YOUR ASSIGNMENT:
Set down exactly, from the records below, the line with "(reduce M) \<subseteq>" through the line with "unfolding M'_def using", and nothing else.

DATASET:

________

lemma Lam_replicate_period_mult:
  assumes y: "y \<in> Cs"
  shows "Lam (replicate_mset (period * k) y) = Lam (replicate_mset period y) ^^ k"
proof (induction k)
  case (Suc k)
  have "inv_perm (Lam (replicate_mset (period * k) y)) y = y"
    using inv_Lam_replicate[OF y] funpow_period[OF square_permutes]
    by (simp add: funpow_mult[symmetric])
  then have "Lam (replicate_mset (period * Suc k) y) =
      Lam (replicate_mset (period * k) y) \<circ> Lam (replicate_mset period y)"
    using Lam_union[of "replicate_mset (period * k) y" "replicate_mset period y"]
      replicate_mset_add[of "period * k" period y] by (simp add: add.commute)
  then show ?case unfolding Suc.IH funpow_Suc_right .
qed simp

text \<open>Any multiple of period * period kills all generators (Lam_replicate_period_mult); the
  factor 2 only ensures that the generators {#y#} are reduced.\<close>

definition modulus :: nat where "modulus = 2 * period * period"

lemma modulus_gt_1: "1 < modulus"
proof -
  have "0 < period * period" using period_pos by simp
  then show ?thesis unfolding modulus_def by linarith
qed

lemma Lam_add_replicate_modulus: "Lam (M + replicate_mset modulus y) = Lam M"
proof -
  have "Lam (replicate_mset modulus y) = id" for y
  proof (cases "y \<in> Cs")
    case True
    have "Lam (replicate_mset modulus y) = Lam (replicate_mset period y) ^^ (period * 2)"
      unfolding modulus_def using Lam_replicate_period_mult[OF True, of "period * 2"]
      by (simp add: ac_simps)
    also have "\<dots> = (Lam (replicate_mset period y) ^^ period) ^^ 2" by (simp add: funpow_mult)
    finally show ?thesis using funpow_period[OF Lam_permutes] by simp
  qed (rule Lam_replicate_outside)
  then show ?thesis using Lam_union[of M "replicate_mset modulus y"] by simp
qed

definition reduce :: "'a multiset \<Rightarrow> 'a multiset" where
  "reduce M = Abs_multiset (\<lambda>y. count M y mod modulus)"

lemma count_reduce [simp]: "count (reduce M) y = count M y mod modulus"
proof -
  have "{y. 0 < count M y mod modulus} \<subseteq> set_mset M"
    using gr_zeroI by (fastforce simp flip: count_greater_zero_iff)
  then show ?thesis unfolding reduce_def by (simp add: count_Abs_multiset finite_subset)
qed

lemma set_mset_reduce: "set_mset (reduce M) \<subseteq> set_mset M"
  using gr_zeroI by (fastforce simp flip: count_greater_zero_iff)

lemma reduce_eq_self: "(\<And>y. count M y < modulus) \<Longrightarrow> reduce M = M"
  by (simp add: multiset_eq_iff)

lemma Lam_reduce: "Lam (reduce M) = Lam M"
proof (induction "size M" arbitrary: M rule: less_induct)
  case less
  show ?case
  proof (cases "\<forall>y. count M y < modulus")
    case False
    then obtain y where y: "modulus \<le> count M y" by (auto simp: not_less)
    define M' where "M' = M - replicate_mset modulus y"
    have M: "M = M' + replicate_mset modulus y"
      unfolding M'_def using y by (simp add: multiset_eq_iff)
    then have "reduce M = reduce M'" by (simp add: multiset_eq_iff)
    moreover have "size M' < size M" using M modulus_gt_1 by simp
    ultimately have "Lam (reduce M) = Lam M'" using less.hyps by simp
    then show ?thesis using Lam_add_replicate_modulus[of M' y] M by simp
  qed (simp add: reduce_eq_self)
qed

definition reduced :: "'a multiset set" where
  "reduced = {M. set_mset M \<subseteq> Cs \<and> (\<forall>y. count M y < modulus)}"

lemma reducedD: "M \<in> reduced \<Longrightarrow> set_mset M \<subseteq> Cs" "M \<in> reduced \<Longrightarrow> count M y < modulus"
  unfolding reduced_def by auto

lemma reduce_in_reduced: "set_mset M \<subseteq> Cs \<Longrightarrow> reduce M \<in> reduced"
  unfolding reduced_def using set_mset_reduce modulus_gt_1 by auto

lemma reduce_reduced: "M \<in> reduced \<Longrightarrow> reduce M = M"
  by (simp add: reduce_eq_self reducedD)

definition add_red :: "'a multiset \<Rightarrow> 'a multiset \<Rightarrow> 'a multiset" where
  "add_red M N = reduce (M + N)"
(* Let $U$ be a countably infinite universe, $\mathcal{C}=(L_1,L_2,\ldots)$ a countably infinite collection of languages over $U$, $\mathcal{A}=\{A_g\}_{g\in[K]}$ a partition of $U$ into finitely many groups, $\alpha\in[0,1]$, and consider the Representative Procedure in the context. For every $i\ge1$ and every $t\ge i$, let $k$ be the position of the entry $L_i$ in $\mathcal{C}'_t=(L'_1,\ldots,L'_t)$ at the end of iteration $t$. Then $T(L_i)$ is a set of maximum size among all sets $T$ satisfying: $T$ is finite, and there exists a subcollection $\mathcal{D}$ of the entries $(L'_1,\ldots,L'_k)$ that includes $L'_k$, such that every $L\in\mathcal{D}$ contains $T$ and $T$ suffers group scarcity with respect to $\mathcal{D}$ and $\mathcal{A}$.
   Context: A language is an infinite subset of $U$; a collection is a sequence of languages (repetitions allowed, entries distinguished by index). For a finite nonempty $T\subseteq U$, $\mathrm{emp}_T$ is the uniform distribution on $T$, and for a distribution $D$ on $U$, $D^{\mathcal{A}}(g)=\Pr_{x\sim D}[x\in A_g]$. Scarce groups: for a collection $\mathcal{D}$ of languages and finite $T$, let $B=\{g\in[K]: A_g\cap((\bigcap_{L\in\mathcal{D}}L)\setminus T)=\emptyset\}$; $T$ suffers group scarcity w.r.t. $\mathcal{D}$ and $\mathcal{A}$ if some $g\in B$ has $\mathrm{emp}_T^{\mathcal{A}}(g)>\alpha$, or $\sum_{g\in B}\mathrm{emp}_T^{\mathcal{A}}(g)>\alpha(K-|B|)$. Representative Procedure. Set $\mathcal{C}'_0=()$. For $i=1,2,\ldots$: append $L_i$ to the end of $\mathcal{C}'_{i-1}$ to get $\mathcal{C}'_i=(L'_1,\ldots,L'_i)$, set $j=i$. Repeat: (i) let $T$ be a finite (nonempty) set of largest size for which there is a subcollection $\mathcal{D}$ of the entries $(L'_1,\ldots,L'_j)$ including $L'_j$ with $T\subseteq L$ for all $L\in\mathcal{D}$ and $T$ suffering group scarcity w.r.t. $\mathcal{D}$ and $\mathcal{A}$; let $\mathcal{C}_{\mathrm{chk}}$ be such a $\mathcal{D}$ and $m_{\mathrm{chk}}=|T|$ ($0$ if none exists). (ii) If $j\le1$ or $m_{\mathrm{chk}}>m^\star_\alpha(L'_{j-1})$, stop. (iii) Otherwise swap the entries at positions $j-1,j$ in $\mathcal{C}'_i$, set $j\leftarrow j-1$, return to (i). On stopping, set $T(L_i)=T$, $\mathcal{C}(L_i)=\mathcal{C}_{\mathrm{chk}}$, $m^\star_\alpha(L_i)=m_{\mathrm{chk}}$; the ordering $\mathcal{C}'_t$ at the end of iteration $t$ is the one obtained when the loop of iteration $t$ stops. *)

theory Defs
  imports Complex_Main "HOL-Library.Countable_Set"
begin
(* Let $\tau\subset\mathbb{Z}^4_{\ge0}$ be a B-facet containing a point $Q$ with exactly one nonzero coordinate such that $\tau\setminus\{Q\}$ has dimension $2$. Then $\tau$ is a $B_1$-facet, or a $B_2$-facet, or a flat border.
   Context: A $k$-simplex is a set of $k+1$ affinely independent points; a $k$-simplex $S\subset\mathbb{Z}^n_{\ge0}$ is a B-simplex if there is an index $i$ with exactly $k$ vertices in $\{x_i=0\}$ and the remaining vertex having $x_i=1$. Dimension of a finite set means dimension of its affine span. A B-facet in $\mathbb{Z}^n_{\ge0}$ is a finite set $\tau\subset\mathbb{Z}^n_{\ge0}$ whose affine span is a hyperplane $\{\langle a,x\rangle=b\}$ with all $a_j>0$, such that every $(n-1)$-simplex with vertices in $\tau$ is a B-simplex. For $\tau\subset\mathbb{Z}^4_{\ge0}$: $\tau$ is a $B_1$-facet if for some $i$ exactly one point has nonzero $x_i$, with $x_i=1$; a $B_2$-facet if for some distinct $i,j$ all $x\in\tau$ have $(x_i,x_j)\in\{(0,0),(1,0),(0,1)\}$; a flat border if there are distinct $i,j$ and $C\in\tau$ with $C_i=C_j=1$ such that $\tau$ contains at least two distinct points with $x_i=x_j=0$ and every point of $\tau$ other than $C$ lies in $\{x_i=0\}\cup\{x_j=0\}$. *)

theory Defs
  imports "HOL-Analysis.Analysis"
begin

text \<open>Points of Z^n_{>=0} are represented as real vectors with nonnegative integer coordinates.\<close>

definition lattice_pt :: "real ^ 'n \<Rightarrow> bool" where
  "lattice_pt x \<longleftrightarrow> (\<forall>i. x $ i \<in> \<int> \<and> x $ i \<ge> 0)"

definition is_simplex :: "nat \<Rightarrow> (real ^ 'n) set \<Rightarrow> bool" where
  "is_simplex k S \<longleftrightarrow> finite S \<and> card S = k + 1 \<and> \<not> affine_dependent S"

definition B_simplex :: "nat \<Rightarrow> (real ^ 'n) set \<Rightarrow> bool" where
  "B_simplex k S \<longleftrightarrow> is_simplex k S \<and> (\<forall>x\<in>S. lattice_pt x) \<and>
     (\<exists>i. card {x\<in>S. x $ i = 0} = k \<and> (\<forall>x\<in>S. x $ i \<noteq> 0 \<longrightarrow> x $ i = 1))"

definition B_facet :: "(real ^ 'n) set \<Rightarrow> bool" where
  "B_facet \<tau> \<longleftrightarrow> finite \<tau> \<and> (\<forall>x\<in>\<tau>. lattice_pt x) \<and>
     (\<exists>a b. (\<forall>j. a $ j > 0) \<and> affine hull \<tau> = {x. a \<bullet> x = b}) \<and>
     (\<forall>S\<subseteq>\<tau>. is_simplex (CARD('n) - 1) S \<longrightarrow> B_simplex (CARD('n) - 1) S)"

________

OUTPUT BELOW:
lemma set_mset_reduce: "set_mset (reduce M) \<subseteq> set_mset M"
  using gr_zeroI by (fastforce simp flip: count_greater_zero_iff)

lemma reduce_eq_self: "(\<And>y. count M y < modulus) \<Longrightarrow> reduce M = M"
  by (simp add: multiset_eq_iff)

lemma Lam_reduce: "Lam (reduce M) = Lam M"
proof (induction "size M" arbitrary: M rule: less_induct)
  case less
  show ?case
  proof (cases "\<forall>y. count M y < modulus")
    case False
    then obtain y where y: "modulus \<le> count M y" by (auto simp: not_less)
    define M' where "M' = M - replicate_mset modulus y"
    have M: "M = M' + replicate_mset modulus y"
      unfolding M'_def using y by (simp add: multiset_eq_iff)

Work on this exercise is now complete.